"""

text \<open>Compare the resolvents at two points of modulus \<open>r\<close> whose \<open>m\<close>-th powers are \<open>\<plusminus>r\<^sup>m\<close>,
  where \<open>r\<^sup>m \<parallel>x\<parallel> = 1/2\<close>: their difference is of norm at most \<open>L \<cdot> 2\<pi>/m\<close>, but it is the
  inverse-conjugate of \<open>2 r\<^sup>m x\<close>, which has norm \<open>1\<close>.\<close>
lemma lipschitz_power_resolvent_bound:
  fixes x :: "'a::cstar_algebra"
  assumes m0: "m > 0" and x: "norm x \<ge> 1"
    and inv: "\<And>z. cmod z \<le> 1 \<Longrightarrow> has_inverse (1 - of_complex (z ^ m) * x)"
    and lip: "\<And>z w. cmod z \<le> 1 \<Longrightarrow> cmod w \<le> 1 \<Longrightarrow>
      norm (cinv (1 - of_complex (z ^ m) * x) - cinv (1 - of_complex (w ^ m) * x))
        \<le> L * cmod (z - w)"
  shows "2 * real m \<le> 9 * pi * L"
proof -
  define r where "r = root m (1 / (2 * norm x))"
  have x0: "x \<noteq> 0" using x by auto
  have "1 / (2 * norm x) \<le> 1" using x by (simp add: divide_le_eq)
  then have r: "0 \<le> r" "r \<le> 1" "r ^ m = 1 / (2 * norm x)" unfolding r_def using m0 x by auto
  define z1 where "z1 = complex_of_real r"
  define z2 where "z2 = complex_of_real r * cis (pi / real m)"
  have z: "cmod z1 \<le> 1" "cmod z2 \<le> 1" using r by (simp_all add: z1_def z2_def norm_mult)
  have "cis (pi / real m) ^ m = cis (real m * (pi / real m))" by (rule Complex.DeMoivre)
  then have "cis (pi / real m) ^ m = -1" using m0 by simp
  then have zm: "z1 ^ m = complex_of_real (r ^ m)" "z2 ^ m = - complex_of_real (r ^ m)"
    by (simp_all add: z1_def z2_def power_mult_distrib)
  define A1 where "A1 = 1 - of_complex (z1 ^ m) * x"
  define A2 where "A2 = 1 - of_complex (z2 ^ m) * x"
  have "cmod (z1 - z2) = r * cmod (1 - cis (pi / real m))"
    unfolding z1_def z2_def
    by (metis norm_mult norm_of_real abs_of_nonneg r(1) mult.right_neutral right_diff_distrib)
  also have "\<dots> \<le> 1 * (2 * \<bar>pi / real m\<bar>)"
    using r norm_one_minus_cis_le[of "pi / real m"] by (intro mult_mono) auto
  finally have "L * cmod (z1 - z2) \<le> L * (2 * pi / real m)"
    using m0 order_trans[OF norm_ge_zero lip[of 1 0]] by (intro mult_left_mono) auto
  then have "norm (cinv A1 - cinv A2) \<le> L * (2 * pi / real m)"
    unfolding A1_def A2_def using lip[OF z] by linarith
  moreover have "norm A1 \<le> 3/2" "norm A2 \<le> 3/2"
    using norm_triangle_ineq4[of 1 "of_complex (z1 ^ m) * x"]
      norm_triangle_ineq4[of 1 "of_complex (z2 ^ m) * x"] r x
    by (simp_all add: x0 A1_def A2_def zm norm_of_complex_mult norm_divide norm_mult)
  moreover have "has_inverse A1" "has_inverse A2" using inv z by (simp_all add: A1_def A2_def)
  then have "A2 - A1 = A1 * (cinv A1 - cinv A2) * A2"
    by (simp add: algebra_simps cinv_right_inverse cinv_left_inverse mult.assoc)
  moreover have "A2 - A1 = of_complex (2 * complex_of_real (r ^ m)) * x"
    unfolding A1_def A2_def zm
    by (simp add: of_complex_minus of_complex_mult of_complex_numeral algebra_simps flip: mult_2)
  then have "norm (A2 - A1) = 1" using r x x0 by (simp add: norm_of_complex_mult norm_divide)
  ultimately have "1 \<le> (3/2) * (L * (2 * pi / real m)) * (3/2)"
    using norm_mult_ineq3[of A1 "cinv A1 - cinv A2" A2]
    by (smt (verit) mult_mono mult_nonneg_nonneg norm_ge_zero)
  then show ?thesis using m0 by (simp add: field_simps)
qed
lemma Unest_drift_ge_MI_bsc:
  assumes "S = Hset L l' m'" "l' \<le> l" "1 \<le> l" "l \<le> L"
  shows "MI_bsc (mass \<pi> S) noise
    \<le> (\<Sum>y\<in>UNIV. prob_obs L p \<pi> S y * Unest L l (post L p \<pi> S y)) - Unest L l \<pi>"
proof -
  define g where
    "g i = \<pi> i * (if i \<in> S then KL_bern (1 - noise) yes_prob else KL_bern noise yes_prob)" for i
  have "mass g (cells L) = mass g (cells L - S) + mass g S"
    using query_subset_cells by (simp add: mass_def sum.subset_diff)
  moreover have "mass g S = mass \<pi> S * KL_bern (1 - noise) yes_prob"
    by (simp add: mass_def g_def sum_distrib_right)
  moreover have "mass g (cells L - S) = mass \<pi> (cells L - S) * KL_bern noise yes_prob"
    by (simp add: mass_def g_def sum_distrib_right)
  ultimately have "MI_bsc (mass \<pi> S) noise = mass g (cells L)"
    by (simp add: MI_bsc_eq_KL_bern mass_cells_diff[OF positive_pmf query_subset_cells])
  also have "\<dots> = (\<Sum>m<2 ^ l. mass g (Hset L l m))"
    using assms(4) by (rule mass_cells_eq_sum_Hset)
  also have "\<dots> \<le> (\<Sum>m<2 ^ l. bin_drift L p \<pi> S (Hset L l m))"
  proof (rule sum_mono)
    fix m :: nat assume "m \<in> {..<2 ^ l}"
    then have B: "Hset L l m \<subseteq> cells L" "Hset L l m \<noteq> {}" "cells L - Hset L l m \<noteq> {}"
      using Hset_subset_cells Hset_ne_empty cells_diff_Hset_ne_empty assms(3,4) by auto
    show "mass g (Hset L l m) \<le> bin_drift L p \<pi> S (Hset L l m)"
    proof (cases "m' = m div 2 ^ (l - l')")
      case True
      then have "Hset L l m \<subseteq> S"
        using Hset_subset_Hset_div[of l' l L m] assms by simp
      moreover from this have "mass g (Hset L l m) = mass \<pi> (Hset L l m) * KL_bern (1 - noise) yes_prob"
        by (auto simp: mass_def g_def sum_distrib_right intro!: sum.cong)
      ultimately show ?thesis
        using bin_drift_inside[OF _ B(2,3)] by simp
    next
      case False
      then have "Hset L l m \<inter> S = {}"
        using Hset_disjoint[of l' l L m' m] assms by auto
      moreover from this have "mass g (Hset L l m) = mass \<pi> (Hset L l m) * KL_bern noise yes_prob"
        by (auto simp: mass_def g_def sum_distrib_right intro!: sum.cong)
      ultimately show ?thesis
        using bin_drift_outside[OF B(1) _ B(2,3)] by simp
    qed
  qed
  also have "\<dots> = (\<Sum>y\<in>UNIV. prob_obs L p \<pi> S y * Unest L l (post L p \<pi> S y)) - Unest L l \<pi>"
    by (rule Unest_drift_eq_sum_bin_drift[symmetric])
  finally show ?thesis .
qed

lemma Unest_drift_ge_KL_bern:
  assumes "S = Hset L l' m'" "m' < 2 ^ l'" "l < l'" "l' \<le> L" "1 \<le> l"
  shows "KL_bern yes_prob noise
    \<le> (\<Sum>y\<in>UNIV. prob_obs L p \<pi> S y * Unest L l (post L p \<pi> S y)) - Unest L l \<pi>"
proof -
  define Q where "Q = m' div 2 ^ (l' - l)"
  have "(2::nat) ^ l' = 2 ^ l * 2 ^ (l' - l)"
    using assms(3) by (simp flip: power_add)
  then have "Q < 2 ^ l"
    using assms(2) by (simp add: Q_def less_mult_imp_div_less)
  have bins: "Hset L l m \<subseteq> cells L" "Hset L l m \<noteq> {}" "cells L - Hset L l m \<noteq> {}"
    if "m < 2 ^ l" for m
    using Hset_subset_cells Hset_ne_empty cells_diff_Hset_ne_empty assms that by auto
  have "KL_bern yes_prob noise \<le> bin_drift L p \<pi> S (Hset L l Q)"
    using Hset_subset_Hset_div[of l l' L m'] assms bins[OF \<open>Q < 2 ^ l\<close>]
    by (intro bin_drift_containing) (auto simp: Q_def)
  also have "\<dots> \<le> (\<Sum>m<2 ^ l. bin_drift L p \<pi> S (Hset L l m))"
  proof (rule member_le_sum)
    fix m :: nat assume m: "m \<in> {..<2 ^ l} - {Q}"
    then have "Hset L l m \<inter> S = {}"
      using Hset_disjoint[of l l' L m m'] assms by (auto simp: Q_def)
    then have "mass \<pi> (Hset L l m) * KL_bern noise yes_prob \<le> bin_drift L p \<pi> S (Hset L l m)"
      using m bins by (intro bin_drift_outside) auto
    moreover have "0 \<le> mass \<pi> (Hset L l m) * KL_bern noise yes_prob"
      using m bins mass_nonneg[OF positive_pmf] noise_pos noise_less_one yes_prob_bounds
      by (auto intro!: mult_nonneg_nonneg KL_bern_nonneg)
    ultimately show "0 \<le> bin_drift L p \<pi> S (Hset L l m)"
      by linarith
  qed (use \<open>Q < 2 ^ l\<close> in auto)
  also have "\<dots> = (\<Sum>y\<in>UNIV. prob_obs L p \<pi> S y * Unest L l (post L p \<pi> S y)) - Unest L l \<pi>"
    by (rule Unest_drift_eq_sum_bin_drift[symmetric])
  finally show ?thesis .
qed
lemma equal_silent_patterns_keep_rounds_trivial:
  assumes "odd n" and "\<forall>i<n. silent_pattern alg T (ident i) = p"
  shows "\<forall>t<T. round_rot n pos (\<lambda>i. alg (ident i) []) ident alg t = 0"
  unfolding trivial_rounds_iff_unanimous[OF \<open>odd n\<close>]
proof (intro allI impI)
  fix s assume "s < T"
  have choice: "(alg (ident i) (replicate s 0) = alg (ident i) []) \<longleftrightarrow> p ! s" if "i < n" for i
  proof -
    have "p ! s = silent_pattern alg T (ident i) ! s" using assms(2) that by simp
    also have "\<dots> \<longleftrightarrow> (alg (ident i) (replicate s 0) = alg (ident i) [])"
      using \<open>s < T\<close> by (simp add: silent_pattern_def)
    finally show ?thesis by simp
  qed
  show "unanimous n (\<lambda>i. alg (ident i) (replicate s 0) = alg (ident i) [])"
    unfolding unanimous_def using choice by blast
qed

lemma valid_config_evenly_spaced:
  assumes "4 < n" "n \<le> N" "inj_on ident {..<n}" "ident ` {..<n} \<subseteq> {1..N}"
  shows "valid_config N n (\<lambda>i. real i / real n) ident"
  using assms unfolding valid_config_def by (auto simp: divide_strict_right_mono)

lemma adversary_lower_bound:
  assumes "odd n" "4 < n" "n \<le> N"
  shows "\<exists>pos orient ident. valid_config N n pos ident \<and>
           (\<forall>t. real (Suc t) < log 2 (real N / real n) \<longrightarrow>
                \<not> nontrivial n (round_rot n pos orient ident alg t))"
proof -
  have "0 < N div n" using assms(2,3) by (simp add: div_greater_zero_iff)
  then obtain T where "2^T \<le> N div n" and T_upper: "N div n < 2^(T + 1)"
    using ex_power_ivl1[of 2 "N div n"] by (auto simp: Suc_le_eq)
  have "n * 2^T \<le> n * (N div n)" using \<open>2^T \<le> N div n\<close> by simp
  also have "\<dots> \<le> N" by (simp add: mult.commute div_times_less_eq_dividend)
  finally have "n * 2^T \<le> N" .
  then obtain ident p where "inj_on ident {..<n}" "ident ` {..<n} \<subseteq> {1..N}"
    and pattern: "\<forall>i<n. silent_pattern alg T (ident i) = p"
    using ex_ids_with_equal_silent_pattern by blast
  have "real N / real n < 2^(T + 1)"
  proof -
    have "N < n * 2^(T + 1)"
      using T_upper \<open>4 < n\<close> by (simp add: div_less_iff_less_mult mult.commute)
    hence "real N < real n * 2^(T + 1)" by (metis of_nat_less_iff of_nat_mult of_nat_numeral of_nat_power)
    thus ?thesis using \<open>4 < n\<close> by (simp add: divide_less_eq mult.commute)
  qed
  hence "log 2 (real N / real n) < log 2 (2^(T + 1))"
    using \<open>4 < n\<close> \<open>n \<le> N\<close> by simp
  also have "\<dots> = real (T + 1)" by (rule log_pow_cancel) simp_all
  finally have "log 2 (real N / real n) < real (T + 1)" .
  show ?thesis
  proof (intro exI conjI allI impI)
    show "valid_config N n (\<lambda>i. real i / real n) ident"
      using valid_config_evenly_spaced assms(2,3) \<open>inj_on ident {..<n}\<close>
        \<open>ident ` {..<n} \<subseteq> {1..N}\<close> by blast
    fix t assume "real (Suc t) < log 2 (real N / real n)"
    with \<open>log 2 (real N / real n) < real (T + 1)\<close> have "t < T" by simp
    thus "\<not> nontrivial n (round_rot n (\<lambda>i. real i / real n) (\<lambda>i. alg (ident i) []) ident alg t)"
      using equal_silent_patterns_keep_rounds_trivial[OF \<open>odd n\<close> pattern]
        nontrivial_iff_neq_0[OF \<open>odd n\<close>] by blast
  qed
qed

theorem proposition3:
  shows "(\<exists>c::real. \<forall>N. \<exists>alg.
            \<forall>n pos orient ident. valid_config N n pos ident \<and> odd n \<longrightarrow>
              (\<exists>t. real (Suc t) \<le> c * (1 + log 2 (real N / real n)) \<and>
                   nontrivial n (round_rot n pos orient ident alg t)))
       \<and> (\<exists>c::real. c > 0 \<and> (\<forall>N n. odd n \<and> 4 < n \<and> n \<le> N \<longrightarrow>
            (\<forall>alg. \<exists>pos orient ident. valid_config N n pos ident \<and>
              (\<forall>t. real (Suc t) < c * log 2 (real N / real n) \<longrightarrow>
                   \<not> nontrivial n (round_rot n pos orient ident alg t)))))"
  apply (rule conjI)
  subgoal using bit_algorithm_upper_bound by (intro exI[of _ 3]) blast
  subgoal using adversary_lower_bound by (intro exI[of _ 1]) auto
  done

end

"""

WHAT TO DO:
Start at the first line of the entries above. Set down each line exactly through the one with "norm (cinv (1", and stop there.

EXPECTED OUTPUT:
text \<open>Compare the resolvents at two points of modulus \<open>r\<close> whose \<open>m\<close>-th powers are \<open>\<plusminus>r\<^sup>m\<close>,
  where \<open>r\<^sup>m \<parallel>x\<parallel> = 1/2\<close>: their difference is of norm at most \<open>L \<cdot> 2\<pi>/m\<close>, but it is the
  inverse-conjugate of \<open>2 r\<^sup>m x\<close>, which has norm \<open>1\<close>.\<close>
lemma lipschitz_power_resolvent_bound:
  fixes x :: "'a::cstar_algebra"
  assumes m0: "m > 0" and x: "norm x \<ge> 1"
    and inv: "\<And>z. cmod z \<le> 1 \<Longrightarrow> has_inverse (1 - of_complex (z ^ m) * x)"
    and lip: "\<And>z w. cmod z \<le> 1 \<Longrightarrow> cmod w \<le> 1 \<Longrightarrow>
      norm (cinv (1 - of_complex (z ^ m) * x) - cinv (1 - of_complex (w ^ m) * x))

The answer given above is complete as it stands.